From what we know, principial axis are always perpendicular to each other, meaning that we can find this basis through some rotation transformation of our originally used basis $x,y,z$. For simplicity, we let the basis in which the inertia tensor is diagonal, be such that it's rotated $\theta$ degrees with respect to the $z$-axis.

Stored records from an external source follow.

(* Let $d \ge 1$, $\sigma>0$, $M>0$, and let $k:\mathbb{R}^d \to [0,M]$ be a (measurable) non-negative bounded function that is continuous almost everywhere. Define $g:\mathbb{R}^d\to\mathbb{R}$ by $$g(\mu) = \mathbb{E}_{w\sim\mathcal{N}(\mu,\sigma^2 I)}[k(w)] = \int_{\mathbb{R}^d} \frac{1}{(2\pi\sigma^2)^{d/2}} e^{-\frac{\|w-\mu\|^2}{2\sigma^2}} k(w)\,dw .$$ Then $g$ is twice differentiable and for all $\mu_1,\mu_2\in\mathbb{R}^d$, $$\nabla g(\mu_1)^\top \big(\nabla^2 g(\mu_2)\big)\nabla g(\mu_1) \le \frac{d M^3}{\sigma^4}.$$
   Context: $\mathcal{N}(\mu,\sigma^2 I)$ denotes the Gaussian distribution on $\mathbb{R}^d$ with mean $\mu$ and covariance $\sigma^2 I$; $\nabla g$ and $\nabla^2 g$ denote the gradient and Hessian of $g$; $\|\cdot\|$ is the Euclidean norm. *)

theory Defs
  imports "HOL-Analysis.Analysis"
begin

definition gauss_iso_density :: "'a::euclidean_space \<Rightarrow> real \<Rightarrow> 'a \<Rightarrow> real" where
  "gauss_iso_density \<mu> \<sigma> w =
     (2 * pi * \<sigma>\<^sup>2) powr (- real DIM('a) / 2) * exp (- (norm (w - \<mu>))\<^sup>2 / (2 * \<sigma>\<^sup>2))"

end

theory Submission
  imports Defs "HOL-Probability.Distributions"
begin

text \<open>
  Write \<open>\<phi>\<^sub>\<mu>\<close> for the density of \<open>N(\<mu>, \<sigma>\<^sup>2 I)\<close>. Its \<open>\<mu>\<close>-derivatives are
  \<open>\<phi>\<^sub>\<mu>(w) (w - \<mu>) / \<sigma>\<^sup>2\<close> and \<open>\<phi>\<^sub>\<mu>(w) ((w - \<mu>)(w - \<mu>)\<^sup>T / \<sigma>\<^sup>4 - I / \<sigma>\<^sup>2)\<close>, and for
  \<open>\<mu>\<close> in a unit ball both are dominated by a fixed integrable Gaussian of twice the width,
  so \<open>g\<close> may be differentiated twice under the integral sign. With \<open>t = (w - \<mu>) \<bullet> v\<close>,
  \<open>0 \<le> k \<le> M\<close> and the second moment \<open>\<integral> \<phi>\<^sub>\<mu> t\<^sup>2 = \<sigma>\<^sup>2 |v|\<^sup>2\<close> give
  \<open>v\<^sup>T \<nabla>\<^sup>2g v \<le> M |v|\<^sup>2 / \<sigma>\<^sup>2\<close>, and \<open>|\<nabla>g|\<^sup>2 = \<integral> \<phi>\<^sub>\<mu> k t / \<sigma>\<^sup>2 \<le> M \<sigma> |\<nabla>g| / \<sigma>\<^sup>2\<close> for
  \<open>v = \<nabla>g\<close> gives \<open>|\<nabla>g| \<le> M / \<sigma>\<close>. Together this is \<open>M\<^sup>3 / \<sigma>\<^sup>4\<close>, which is at most the stated
  bound.
\<close>

section \<open>Differentiation under the integral sign\<close>

lemma integral_dominated_convergence_at:
  fixes s :: "'a::first_countable_topology \<Rightarrow> 'b \<Rightarrow> 'c::{banach, second_countable_topology}"
  assumes "f \<in> borel_measurable M" "\<And>t. s t \<in> borel_measurable M" "integrable M w"
    and lim: "AE x in M. ((\<lambda>t. s t x) \<longlongrightarrow> f x) (at a)"
    and bound: "\<forall>\<^sub>F t in at a. AE x in M. norm (s t x) \<le> w x"
  shows "((\<lambda>t. integral\<^sup>L M (s t)) \<longlongrightarrow> integral\<^sup>L M f) (at a)"
  unfolding tendsto_at_iff_sequentially comp_def
proof (intro allI impI)
  fix X assume "\<forall>i. X i \<in> UNIV - {a}" and "X \<longlonglongrightarrow> a"
  then have X: "filterlim X (at a) sequentially"
    by (simp add: filterlim_at)
  from filterlim_iff[THEN iffD1, OF X, rule_format, OF bound]
  obtain N where w: "\<And>n. N \<le> n \<Longrightarrow> AE x in M. norm (s (X n) x) \<le> w x"
    by (auto simp: eventually_sequentially)
  show "(\<lambda>n. integral\<^sup>L M (s (X n))) \<longlonglongrightarrow> integral\<^sup>L M f"
  proof (rule LIMSEQ_offset, rule integral_dominated_convergence)
    show "AE x in M. norm (s (X (n + N)) x) \<le> w x" for n
      by (rule w) simp
    show "AE x in M. (\<lambda>n. s (X (n + N)) x) \<longlonglongrightarrow> f x"
      using lim by eventually_elim
        (intro LIMSEQ_ignore_initial_segment filterlim_compose[OF _ X])
  qed (use assms in auto)
qed
lemma green_identity:
  "(\<Sum>p\<in>G. Hdiag d Hx p * x p * scheme_rhs d N D Dxx K J b y p)
   = - (\<Sum>i<d. \<Sum>p\<in>G. Hdiag d Hx p * (J p * b p) * (Dx d N D K i x p * Dx d N D K i y p))
     - (\<Sum>k<d. qf G x (Rdir d N Hx R k (eta d K J b k)) y)
     + (\<Sum>j<d. bdry_diff j (\<lambda>p. x p * bflux K J b y j p))"
proof -
  have "(\<Sum>p\<in>G. Hdiag d Hx p * x p * scheme_rhs d N D Dxx K J b y p)
      = (\<Sum>j<d. \<Sum>k<d. \<Sum>p\<in>G. Hdiag d Hx p * x p * mvec G (DDjk d N D Dxx j k (acoef d K J b j k)) y p)"
    unfolding scheme_rhs_def acoef_def[symmetric]
    by (simp add: sum_distrib_left sum.swap[of _ G])
  also have "\<dots> = (\<Sum>j<d. \<Sum>k<d.
       - (\<Sum>p\<in>G. Hdiag d Hx p * dir_apply N j D x p * acoef d K J b j k p * dir_apply N k D y p)
       - (if j = k then qf G x (Rdir d N Hx R j (acoef d K J b j k)) y else 0)
       + bdry_diff j (\<lambda>p. x p * acoef d K J b j k p * (if j = k then dir_apply N j Dh y p else dir_apply N k D y p)))"
    by (intro sum.cong refl) (simp add: sum_Hdiag_DDjk)
  also have "\<dots> = - (\<Sum>j<d. \<Sum>k<d. \<Sum>p\<in>G. Hdiag d Hx p * dir_apply N j D x p * acoef d K J b j k p * dir_apply N k D y p)
       - (\<Sum>j<d. \<Sum>k<d. if j = k then qf G x (Rdir d N Hx R j (acoef d K J b j k)) y else 0)
       + (\<Sum>j<d. \<Sum>k<d. bdry_diff j (\<lambda>p. x p * acoef d K J b j k p *
                                   (if j = k then dir_apply N j Dh y p else dir_apply N k D y p)))"
    by (simp only: sum.distrib sum_subtractf sum_negf)
  also have "(\<Sum>j<d. \<Sum>k<d. if j = k then qf G x (Rdir d N Hx R j (acoef d K J b j k)) y else 0)
      = (\<Sum>k<d. qf G x (Rdir d N Hx R k (eta d K J b k)) y)"
    by (simp add: acoef_diag_eq_eta)
  also have "(\<Sum>j<d. \<Sum>k<d. bdry_diff j (\<lambda>p. x p * acoef d K J b j k p *
                                   (if j = k then dir_apply N j Dh y p else dir_apply N k D y p)))
      = (\<Sum>j<d. bdry_diff j (\<lambda>p. x p * bflux K J b y j p))"
    by (simp add: bflux_def bdry_diff_sum sum_distrib_left mult.assoc)
  finally show ?thesis unfolding sum_acoef_eq_sum_Dx .
qed

section \<open>Boundary terms\<close>

lemma facepts_G: "q \<in> facepts d N f \<Longrightarrow> q \<in> G"
  by (simp add: facepts_def)

lemma fin_facepts: "finite (facepts d N f)"
  using finite_grid by (rule finite_subset[rotated]) (auto simp: facepts_def)

lemma ftr_eq: "q \<in> facepts d N f \<Longrightarrow> ftr d N f u q = u q"
proof -
  assume q: "q \<in> facepts d N f"
  have "ftr d N f u q = (\<Sum>p\<in>G. if p = q then u q else 0)"
    unfolding ftr_def by (rule sum.cong) (use q in \<open>auto simp: ef_def\<close>)
  then show ?thesis using facepts_G[OF q] finite_grid by simp
qed

lemma fext_eq: "fext d N f w p = (if p \<in> facepts d N f then w p else 0)"
proof -
  have "fext d N f w p = (\<Sum>q\<in>facepts d N f. if q = p then w p else 0)"
    unfolding fext_def ef_def by (rule sum.cong[OF refl]) auto
  then show ?thesis using fin_facepts by simp
qed

lemma Hf_eq:
  assumes f: "fst f < d" and q: "q \<in> facepts d N f" and q': "q' \<in> facepts d N f"
  shows "Hf d Hx f q q' = (if q = q' then Hdiag_perp d Hx (fst f) q else 0)"
proof (cases "q = q'")
  case True then show ?thesis by (simp add: Hf_def Hdiag_perp_def)
next
  case False
  then obtain l where l: "q l \<noteq> q' l" by (auto simp: fun_eq_iff)
  have qG: "q \<in> G" "q' \<in> G" using q q' by (auto simp: facepts_def)
  have "l < d"
  proof (rule ccontr)
    assume "\<not> l < d" then show False using l qG by (auto simp: grid_def)
  qed
  have "l \<noteq> fst f" using l q q' by (auto simp: facepts_def)
  have "Hx (q l) (q' l) = 0" using Hx_offdiag[of "q l" "q' l"] l qG \<open>l < d\<close> by (auto simp: grid_def)
  then have "Hf d Hx f q q' = 0" unfolding Hf_def using \<open>l < d\<close> \<open>l \<noteq> fst f\<close>
    by (subst prod.remove[of _ l]) auto
  then show ?thesis using False by simp
qed
lemma pmf_bernoulli_True_le: "0 \<le> q \<Longrightarrow> pmf (bernoulli_pmf q) True \<le> q"
  by (simp add: bernoulli_pmf.rep_eq)

lemma pmf_True_add_pmf_False: "pmf B True + pmf B False = 1"
proof -
  have "(\<Sum>b\<in>UNIV. pmf B b) = 1" by (rule sum_pmf_eq_1) auto
  then show ?thesis by (simp add: UNIV_bool)
qed

definition shown_via :: "'a set set \<Rightarrow> 'a \<Rightarrow> ('a set \<times> 'a set \<times> 'a option) list \<Rightarrow> bool" where
  "shown_via P i stages \<longleftrightarrow> (\<exists>S' A c. (S', A, c) \<in> set stages \<and> i \<in> A \<and> S' \<in> P)"

lemma shown_via_Cons_irrelevant:
  "S \<notin> P \<or> i \<notin> A \<Longrightarrow> shown_via P i ((S, A, c) # stages) \<longleftrightarrow> shown_via P i stages"
  by (auto simp: shown_via_def)

lemma prob_offer_seq_shown_via_le:
  "measure_pmf.prob (offer_seq x \<alpha> p L j sold \<pi> shown k) {stages. shown_via P i stages}
   \<le> (\<Sum>S'\<leftarrow>\<pi>. if S' \<in> P \<and> i \<in> S' then pmf (bernoulli_pmf (x j S' / \<alpha>)) True else 0)"
proof (induction \<pi> arbitrary: shown k)
  case Nil
  then show ?case by (simp add: shown_via_def)
next
  case (Cons S rest)
  let ?E = "{stages. shown_via P i stages}"
  define R where "R = (\<Sum>S'\<leftarrow>rest. if S' \<in> P \<and> i \<in> S' then pmf (bernoulli_pmf (x j S' / \<alpha>)) True else 0)"
  define B where "B = bernoulli_pmf (x j S / \<alpha>)"
  define \<delta> where "\<delta> = (if S \<in> P \<and> i \<in> S then 1 else 0 :: real)"
  have IH: "measure_pmf.prob (offer_seq x \<alpha> p L j sold rest shown' k') ?E \<le> R" for shown' k'
    unfolding R_def by (rule Cons.IH)
  have "0 \<le> R"
    unfolding R_def by (intro sum_list_nonneg) auto
  show ?case
  proof (cases "L \<le> k")
    case True
    have "0 \<le> (\<Sum>S'\<leftarrow>S # rest. if S' \<in> P \<and> i \<in> S' then pmf (bernoulli_pmf (x j S' / \<alpha>)) True else 0)"
      by (intro sum_list_nonneg) auto
    with True show ?thesis by (simp add: shown_via_def)
  next
    case False
    define A where "A = S - sold - shown"
    define offer_rest where "offer_rest =
      (\<lambda>c. case c of
              Some _ \<Rightarrow> return_pmf [(S, A, c)]
            | None \<Rightarrow> map_pmf ((#) (S, A, c)) (offer_seq x \<alpha> p L j sold rest (shown \<union> A) (Suc k)))"
    have unfold: "offer_seq x \<alpha> p L j sold (S # rest) shown k
      = bind_pmf B (\<lambda>b. if b then bind_pmf (choice_pmf p j A) offer_rest
                        else offer_seq x \<alpha> p L j sold rest shown k)"
      using False unfolding B_def A_def offer_rest_def by (simp add: Let_def cong: if_cong)
    have offered: "measure_pmf.prob (bind_pmf (choice_pmf p j A) offer_rest) ?E \<le> \<delta> + R"
    proof (cases "S \<in> P \<and> i \<in> S")
      case True
      then show ?thesis using \<open>0 \<le> R\<close> by (simp add: \<delta>_def add_increasing2)
    next
      case irrelevant: False
      then have "S \<notin> P \<or> i \<notin> A" by (auto simp: A_def)
      then have "(#) (S, A, c) -` ?E = ?E" "[(S, A, c)] \<notin> ?E" for c
        by (auto simp: shown_via_Cons_irrelevant) (auto simp: shown_via_def)
      then have "measure_pmf.prob (offer_rest c) ?E \<le> R" for c
        using IH \<open>0 \<le> R\<close> by (cases c) (simp_all add: offer_rest_def)
      moreover have "\<delta> = 0" using irrelevant by (simp add: \<delta>_def)
      ultimately show ?thesis by (intro prob_bind_pmf_le) simp
    qed
    have "measure_pmf.prob (offer_seq x \<alpha> p L j sold (S # rest) shown k) ?E
        \<le> pmf B True * (\<delta> + R) + pmf B False * R"
      unfolding unfold prob_bind_pmf_bool
      using offered IH by (intro add_mono mult_left_mono) auto
    also have "\<dots> = pmf B True * \<delta> + R"
      using pmf_True_add_pmf_False[of B] by algebra
    also have "\<dots> = (\<Sum>S'\<leftarrow>S # rest. if S' \<in> P \<and> i \<in> S' then pmf (bernoulli_pmf (x j S' / \<alpha>)) True else 0)"
      by (simp add: R_def B_def \<delta>_def)
    finally show ?thesis .
  qed
qed

lemma takeWhile_neq_rev_disjoint:
  assumes "distinct \<pi>" "S \<in> set \<pi>"
  shows "set (takeWhile (\<lambda>U. U \<noteq> S) \<pi>) \<inter> set (takeWhile (\<lambda>U. U \<noteq> S) (rev \<pi>)) = {}"
proof -
  obtain xs ys where \<pi>: "\<pi> = xs @ S # ys" using split_list[OF assms(2)] by blast
  with assms(1) have "S \<notin> set xs" "S \<notin> set ys" "set xs \<inter> set ys = {}" by auto
  with \<pi> have "takeWhile (\<lambda>U. U \<noteq> S) \<pi> = xs" "takeWhile (\<lambda>U. U \<noteq> S) (rev \<pi>) = rev ys"
    by (auto simp: takeWhile_tail)
  with \<open>set xs \<inter> set ys = {}\<close> show ?thesis by simp
qed
text \<open>
Let \<open>M\<close> be the family of subsets of the pile \<open>P\<close> that are missing from \<open>F\<close>; it is closed upwards
within \<open>P\<close>. Splitting each weight into the part coming from subsets of \<open>P\<close> and the part coming from
sets leaving \<open>P\<close>, the weight hypothesis says that the total outside weight is less than
\<open>k = |M| + 1 - c\<close>, while the degree bound says that each \<open>x \<in> P\<close> lies in at least
\<open>k - |{S \<in> M. x \<notin> S}|\<close> sets leaving \<open>P\<close>. A good vertex lies in some set leaving \<open>P\<close>, and then
already in a pair of outside weight \<open>1/2\<close>, so there are fewer than \<open>2k\<close> good vertices.

It remains to show \<open>k \<le> 4\<close>. Otherwise let \<open>2^j \<le> k < 2^(j+1)\<close>, and call \<open>y\<close> a partner of \<open>x\<close> if
\<open>P - {x, y} \<in> M\<close>. A vertex with fewer than \<open>j\<close> partners is avoided by at most \<open>2^(j-1) \<le> k/2\<close> sets
of \<open>M\<close>, so it lies in at least \<open>k/2\<close> sets leaving \<open>P\<close>, whose weight is at least \<open>k/(2(j+3))\<close>;
hence there are fewer than \<open>2j + 6\<close> such vertices. Counting the members of \<open>M\<close> of co-size
one and two then yields \<open>dj + 4 \<le> 2k + (j+2)(2j+5)\<close>, which contradicts \<open>d \<ge> 50\<close> and \<open>k < d\<close>
(the latter because the vertex \<open>z\<close> with \<open>N(z) = P\<close> lies in no set leaving \<open>P\<close>).
\<close>

section \<open>Upward closed families of subsets\<close>

definition up_closed_in :: "'a set \<Rightarrow> 'a set set \<Rightarrow> bool" where
  "up_closed_in P M \<longleftrightarrow> M \<subseteq> Pow P \<and> (\<forall>S T. S \<in> M \<longrightarrow> S \<subseteq> T \<longrightarrow> T \<subseteq> P \<longrightarrow> T \<in> M)"

definition layer :: "'a set \<Rightarrow> 'a set set \<Rightarrow> nat \<Rightarrow> 'a set set" where
  "layer P M i = {S \<in> M. card (P - S) = i}"
lemma sum_grp_add_shift:
  assumes "p > 0"
  shows "(\<Sum>h\<in>grp p. f (grp_add p c h)) = (\<Sum>h\<in>grp p. f h)"
  using sum.reindex_bij_betw[OF bij_betw_grp_add[OF assms]] .

lemma sum_grp: "(\<Sum>g\<in>grp p. f g) = (\<Sum>x\<in>{0..<p}. f (0, x)) + (\<Sum>x\<in>{0..<p}. f (1, x))"
proof -
  have "grp p = {0, 1} \<times> {0..<p}"
    by (auto simp: grp_def)
  then show ?thesis
    by (simp add: sum.cartesian_product')
qed

section \<open>Autocorrelation\<close>

definition autocorr :: "int \<Rightarrow> (int \<times> int \<Rightarrow> 'a::comm_semiring_1) \<Rightarrow> int \<times> int \<Rightarrow> 'a" where
  "autocorr p f e = (\<Sum>u\<in>grp p. f u * f (grp_add p u e))"

lemma sum_mult_translates:
  assumes "p > 0"
  shows "(\<Sum>h\<in>grp p. f (grp_add p c h) * f (grp_add p c' h)) = autocorr p f (grp_diff p c' c)"
  using sum_grp_add_shift[OF assms, of "\<lambda>u. f u * f (grp_add p u (grp_diff p c' c))" c]
  by (simp add: autocorr_def grp_add_diff_shift)

lemma sum_autocorr:
  assumes "p > 0"
  shows "(\<Sum>e\<in>grp p. autocorr p f e) = (\<Sum>g\<in>grp p. f g)\<^sup>2"
proof -
  have "(\<Sum>e\<in>grp p. autocorr p f e) = (\<Sum>u\<in>grp p. f u * (\<Sum>e\<in>grp p. f (grp_add p u e)))"
    unfolding autocorr_def by (subst sum.swap) (simp add: sum_distrib_left)
  also have "\<dots> = (\<Sum>u\<in>grp p. f u * (\<Sum>g\<in>grp p. f g))"
    by (simp add: sum_grp_add_shift[OF assms])
  finally show ?thesis
    by (simp add: power2_eq_square sum_distrib_right)
qed

definition base_set :: "int \<Rightarrow> (int \<times> int) set" where
  "base_set p = {0} \<times> {0..p div 2} \<union> {1} \<times> {1..p div 2}"

definition base_ind :: "int \<Rightarrow> int \<times> int \<Rightarrow> nat" where
  "base_ind p g = of_bool (g \<in> base_set p)"

lemma sum_base_ind:
  assumes "odd p" "p > 0"
  shows "(\<Sum>g\<in>grp p. base_ind p g) = nat p"
proof -
  have "base_set p \<subseteq> grp p"
    using assms by (auto simp: base_set_def grp_def)
  then have "(\<Sum>g\<in>grp p. base_ind p g) = card (base_set p)"
    by (simp add: base_ind_def Int_absorb1)
  also have "\<dots> = nat (p div 2 + 1) + nat (p div 2)"
    unfolding base_set_def by (subst card_Un_disjoint) (auto simp: card_cartesian_product)
  also have "\<dots> = nat p"
    using assms by (auto elim!: oddE)
  finally show ?thesis .
qed

lemma autocorr_base_ind_fst_swap:
  assumes "0 < d" "d < p"
  shows "autocorr p (base_ind p) (1, d) = autocorr p (base_ind p) (0, d)"
proof -
  define y where "y x = (x + d) mod p" for x
  let ?\<chi> = "\<lambda>a x. base_ind p (a, x)"
  have split: "?\<chi> 0 x = ?\<chi> 1 x + of_bool (x = 0)" for x
    using assms by (simp add: base_ind_def base_set_def)
  have "?\<chi> 0 x * ?\<chi> 0 (y x) + ?\<chi> 1 x * ?\<chi> 1 (y x) = ?\<chi> 0 x * ?\<chi> 1 (y x) + ?\<chi> 1 x * ?\<chi> 0 (y x)"
    if "0 \<le> x" "x < p" for x
  proof -
    \<comment> \<open>the two sides differ by the product of the indicators of x = 0 and y x = 0\<close>
    have "of_bool (x = 0) * of_bool (y x = 0) = (0::nat)"
      using assms that by (auto simp: y_def)
    then show ?thesis
      unfolding split by (simp add: algebra_simps)
  qed
  then show ?thesis
    unfolding autocorr_def sum_grp by (simp add: grp_add_def y_def[symmetric] sum.distrib[symmetric])
qed

section \<open>The twisted permutations\<close>

lemma coprime_if_abs_less_prime:
  fixes c p :: int
  assumes "prime p" "c \<noteq> 0" "\<bar>c\<bar> < p"
  shows "coprime c p"
proof -
  have "\<not> p dvd c"
    using dvd_imp_le_int[OF assms(2)] assms(3) by fastforce
  then show ?thesis
    using prime_imp_coprime[OF assms(1)] coprime_commute by blast
qed

lemma bij_betw_affine_mod:
  fixes p c d :: int
  assumes "p > 0" "coprime c p"
  shows "bij_betw (\<lambda>x. (c * x + d) mod p) {0..<p} {0..<p}"
proof -
  have "inj_on (\<lambda>x. (c * x + d) mod p) {0..<p}"
  proof (rule inj_onI)
    fix x y
    assume "x \<in> {0..<p}" "y \<in> {0..<p}" and "(c * x + d) mod p = (c * y + d) mod p"
    then have "[x = y] (mod p)" and "0 \<le> x" "x < p" "0 \<le> y" "y < p"
      using cong_mult_lcancel[OF assms(2)] by (auto simp: cong_def[symmetric] cong_add_rcancel)
    then show "x = y"
      using cong_less_imp_eq_int by blast
  qed
  moreover have "(\<lambda>x. (c * x + d) mod p) ` {0..<p} \<subseteq> {0..<p}"
    using assms(1) by auto
  ultimately show ?thesis
    by (simp add: bij_betw_def endo_inj_surj)
qed

definition twist_bit :: "int \<Rightarrow> int \<Rightarrow> int \<Rightarrow> int" where
  "twist_bit p k y = of_bool (\<exists>l. k < l \<and> l < p \<and> p dvd k * l + y)"

definition twist_snd :: "int \<Rightarrow> int \<Rightarrow> int \<times> int \<Rightarrow> int" where
  "twist_snd p k g = (k * snd g + fst g * k\<^sup>2) mod p"

definition twist :: "int \<Rightarrow> int \<Rightarrow> int \<times> int \<Rightarrow> int \<times> int" where
  "twist p k g = ((fst g + twist_bit p k (twist_snd p k g)) mod 2, twist_snd p k g)"

lemma twist_bit_eq:
  assumes "prime p" "0 < k" "k < p" "0 \<le> l" "l < p"
  shows "twist_bit p k (- (k * l) mod p) = of_bool (k < l)"
proof -
  have cop: "coprime k p"
    using coprime_if_abs_less_prime assms(1-3) by simp
  have "p dvd k * l' + - (k * l) mod p \<longleftrightarrow> l' = l" if "0 \<le> l'" "l' < p" for l'
  proof -
    have "p dvd k * l' + - (k * l) mod p \<longleftrightarrow> [k * l' = k * l] (mod p)"
      by (simp add: cong_iff_dvd_diff dvd_eq_mod_eq_0 mod_add_right_eq)
    also have "\<dots> \<longleftrightarrow> [l' = l] (mod p)"
      by (rule cong_mult_lcancel[OF cop])
    also have "\<dots> \<longleftrightarrow> l' = l"
      using cong_less_imp_eq_int[of l' p l] that assms(4,5) by auto
    finally show ?thesis .
  qed
  then show ?thesis
    unfolding twist_bit_def using assms(2,5) by (auto intro!: arg_cong[where f = of_bool])
qed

I'm not exactly sure, but what I remember from linear algebra, we have that the new matrix $I = RI'R^T$ where $R$ is our rotation matrix. Suppose $\theta$ is measured counterclockwise seen from above, since we want to rotate "backwards" in some sense, we have that:
$$ R = \begin{pmatrix} \cos(\theta) & \sin(\theta)& 0\\ -\sin(\theta)& \cos(\theta)& 0\\ 0 & 0& 1\\ \end{pmatrix}$$
$R$'s transpose is easy to calculate. We get:
$$ R^T = \begin{pmatrix} \cos(\theta) & -\sin(\theta)& 0\\ \sin(\theta)& \cos(\theta)& 0\\ 0 & 0& 1\\ \end{pmatrix}$$
Therefore $$I = R = \begin{pmatrix} \cos(\theta) & \sin(\theta)& 0\\ -\sin(\theta)& \cos(\theta)& 0\\ 0 & 0& 1\\ \end{pmatrix} diag(I_{x'x'},I_{y'y'}, I_{z'z'}) \begin{pmatrix} \cos(\theta) & -\sin(\theta)& 0\\ \sin(\theta)& \cos(\theta)& 0\\ 0 & 0& 1\\ \end{pmatrix} = \begin{pmatrix} I_{x'x'} \cos^2(\theta) + I_{y'y'} \sin^2(\theta) & (I_{y'y'}-I_{x'x'}) \cos(\theta) \sin(\theta) & 0\\ (I_{y'y'}-I_{x'x'}) \cos(\theta) \sin(\theta) & I_{x'x'} \sin^2(\theta) + I_{y'y'} \cos^2(\theta) & 0\\ 0 & 0& I_{z'z'} \\ \end{pmatrix}$$
I see that in alot of problems, the axis are just rotated with some angle, and I'd like to express the matrix in my original set of basis $xyz$ in the fashion above. So I now wonder, is my idea right, and is there an even more generalized way of doing this?
Thanks.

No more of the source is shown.